Frankreichs Verteidigungsminister Sébastien Lecournu erklärte daraufhin, dass Paris dem von Russland angegriffenen Lande eigene Geheimdienstinformationen zur Verfügung stellen würde. Während sich die USA seit der Rückkehr von Trump ins Weiße Haus um eine Annäherung an Moskau bemühen, fürchten Kiew und die Europäer, dass die Ukraine gezwungen werden könnte, ein Friedensabkommen zu den Bedingungen Moskaus zu akzeptieren.
Der deutsche Verteidigungsminister Boris Pistorius sagte seinem ukrainischen Kollegen Rustem Umerow am Donnerstag zusätzliche Hilfe zu. „Wir streben natürlich an, mit neuen Unterstützungsleistungen den Wegfall der US-Unterstützung zu kompensieren, zumindest einen überwiegenden Teil“, sagte Pistorius bei einem Treffen in Berlin. Konkret stellte er etwa „Artilleriemunition bis hin zur Führungskommunikation“ wie durch das US-Satellitennetzwerk Starlink in Aussicht.
Russland setzt indes seine Angriffe in der Ukraine ungeachtet der Aufnahme der Gespräche mit Washington über eine mögliche Beendigung des Krieges weiter fort.
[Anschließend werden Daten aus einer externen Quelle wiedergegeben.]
theorem lemma2p6:
  fixes p d :: nat
    and G0 A F U E :: "('v::{ab_group_add, finite} \<Rightarrow> 'v) set"
    and s :: nat and Es :: "nat \<Rightarrow> ('v \<Rightarrow> 'v) set" and q m :: "nat \<Rightarrow> nat"
    and e k b :: nat and W :: "'v set"
  assumes prime_p: "Factorial_Ring.prime p"
    and V_elem: "elem_ab p TYPE('v)"
    and V_dim: "card (UNIV :: 'v set) = p ^ d"
    and G0_sub: "subgroup G0 GLV"
    and G0_solv: "solvable (grp G0)"
    and G0_irr: "irreducible_on_V G0"
    and G0_qp: "quasi_primitive G0"
    \<comment> \<open>structure data\<close>
    and ZU: "center (grp E) \<subseteq> U" and UF: "U \<subseteq> F" and FA: "F \<subseteq> A" and AG: "A \<subseteq> G0"
    and U_nml: "U \<lhd> grp G0" and F_nml: "F \<lhd> grp G0" and A_nml: "A \<lhd> grp G0"
    and Z_nml: "center (grp E) \<lhd> grp G0"
    and E_char: "characteristic (grp F) E"
    \<comment> \<open>(i) central product\<close>
    and i_prod: "F = E <#>\<^bsub>GLV\<^esub> U"
    and i_comm: "\<forall>x\<in>E. \<forall>u\<in>U. x \<otimes>\<^bsub>GLV\<^esub> u = u \<otimes>\<^bsub>GLV\<^esub> x"
    and i_int: "E \<inter> U = center (grp E)"
    \<comment> \<open>(ii)\<close>
    and ii_iso: "(grp F Mod U) \<cong> (grp E Mod center (grp E))"
    and ii_cr: "compl_red_quot G0 E (center (grp E))"
    \<comment> \<open>(iii)\<close>
    and iii_sub: "\<forall>i<s. subgroup (Es i) (grp E)"
    and iii_comm: "\<forall>i<s. \<forall>j<s. i \<noteq> j \<longrightarrow>
         (\<forall>x\<in>Es i. \<forall>y\<in>Es j. x \<otimes>\<^bsub>GLV\<^esub> y = y \<otimes>\<^bsub>GLV\<^esub> x)"
    and iii_gen: "E = generate GLV (\<Union>i<s. Es i)"
    and iii_indep: "\<forall>i<s. Es i \<inter> generate GLV (\<Union>j\<in>{..<s} - {i}. Es j) = {\<one>\<^bsub>GLV\<^esub>}"
    and iii_es: "\<forall>i<s. extraspecial (q i) (m i) (grp (Es i))"
    and iii_q: "\<forall>i<s. Factorial_Ring.prime (q i)" and iii_qd: "inj_on q {..<s}"
    and iii_m: "\<forall>i<s. m i \<ge> 1"
    and iii_e: "e = (\<Prod>i<s. q i ^ m i)" and e_dvd: "e dvd d" and e_cop: "coprime p e"
    \<comment> \<open>(iv)\<close>
    and iv_A: "A = {g \<in> G0. \<forall>u\<in>U. g \<otimes>\<^bsub>GLV\<^esub> u = u \<otimes>\<^bsub>GLV\<^esub> g}"
    and iv_faith: "{a \<in> A. \<forall>x\<in>E. a \<otimes>\<^bsub>GLV\<^esub> x \<otimes>\<^bsub>GLV\<^esub> inv\<^bsub>GLV\<^esub> a
                        \<otimes>\<^bsub>GLV\<^esub> inv\<^bsub>GLV\<^esub> x \<in> center (grp E)} = F"
    \<comment> \<open>(v)\<close>
    and v_cyc: "cyclic_sg GLV U"
    and v_W: "irred_mod U W"
    and v_fpf: "\<forall>u\<in>U. u \<noteq> \<one>\<^bsub>GLV\<^esub> \<longrightarrow> (\<forall>w\<in>W. u w = w \<longrightarrow> w = 0)"
    \<comment> \<open>(vi)\<close>
    and vi_k: "k \<ge> 1" and vi_U: "card U dvd p ^ k - 1" and vi_W: "card W = p ^ k"
    \<comment> \<open>(vii)\<close>
    and vii: "b > 0" "card (UNIV :: 'v set) = card W ^ (e * b)"
  shows "rad e dvd card W - 1"
proof -
  interpret GLV: group "GLV :: ('v \<Rightarrow> 'v) monoid" by (rule group_GLV)
  have F_sub: "subgroup F GLV" and U_sub: "subgroup U GLV"
    using F_nml U_nml G0_sub by (auto intro: GLV.incl_subgroup normal_imp_subgroup)
  have E_sub: "subgroup E GLV"
    using E_char F_sub by (auto simp: characteristic_def intro: GLV.incl_subgroup)
  have Es_sub: "subgroup (Es i) GLV" if "i < s" for i
    using iii_sub E_sub that by (auto intro: GLV.incl_subgroup)
  have q_dvd: "q i dvd card W - 1" if i: "i < s" for i
  proof -
    have "center (grp (Es i)) \<subseteq> center (grp E)"
      unfolding iii_gen using i iii_comm Es_sub[THEN subgroup.subset]
      by (intro GLV.center_factor_subset_center_generate) auto
    then have "card (center (grp (Es i))) dvd card U"
      using ZU U_sub Es_sub[OF i] by (intro GLV.subgroup_card_dvd GLV.subgroup_center_of_subgroup) auto
    moreover have "card (center (grp (Es i))) = q i"
      using iii_es i by (simp add: extraspecial_def)
    ultimately show ?thesis using vi_U vi_W by (metis dvd_trans)
  qed
  show ?thesis
  proof (rule rad_dvdI)
    fix r assume r: "r \<in> prime_factors e"
    then have r_prime: "Factorial_Ring.prime r" and "r dvd (\<Prod>i<s. q i ^ m i)"
      using iii_e by auto
    then obtain i where i: "i < s" and "r dvd q i ^ m i"
      by (auto simp: prime_dvd_prod_iff)
    then have "r = q i"
      using r_prime iii_q by (auto dest: prime_dvd_power intro: primes_dvd_imp_eq)
    then show "r dvd card W - 1" using q_dvd i by simp
  qed
qed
Bei einem russischen Angriff auf ein Hotel in der Heimatstadt Selenskyjs, Krywyj Rih, wurden Behördenangaben zufolge vier Menschen getötet und mehr als 30 weitere verletzt. In der Stadt Sumy wurde bei einem Angriff auf ein Lagerhaus nach Behördenangaben ein weiterer Mensch getötet.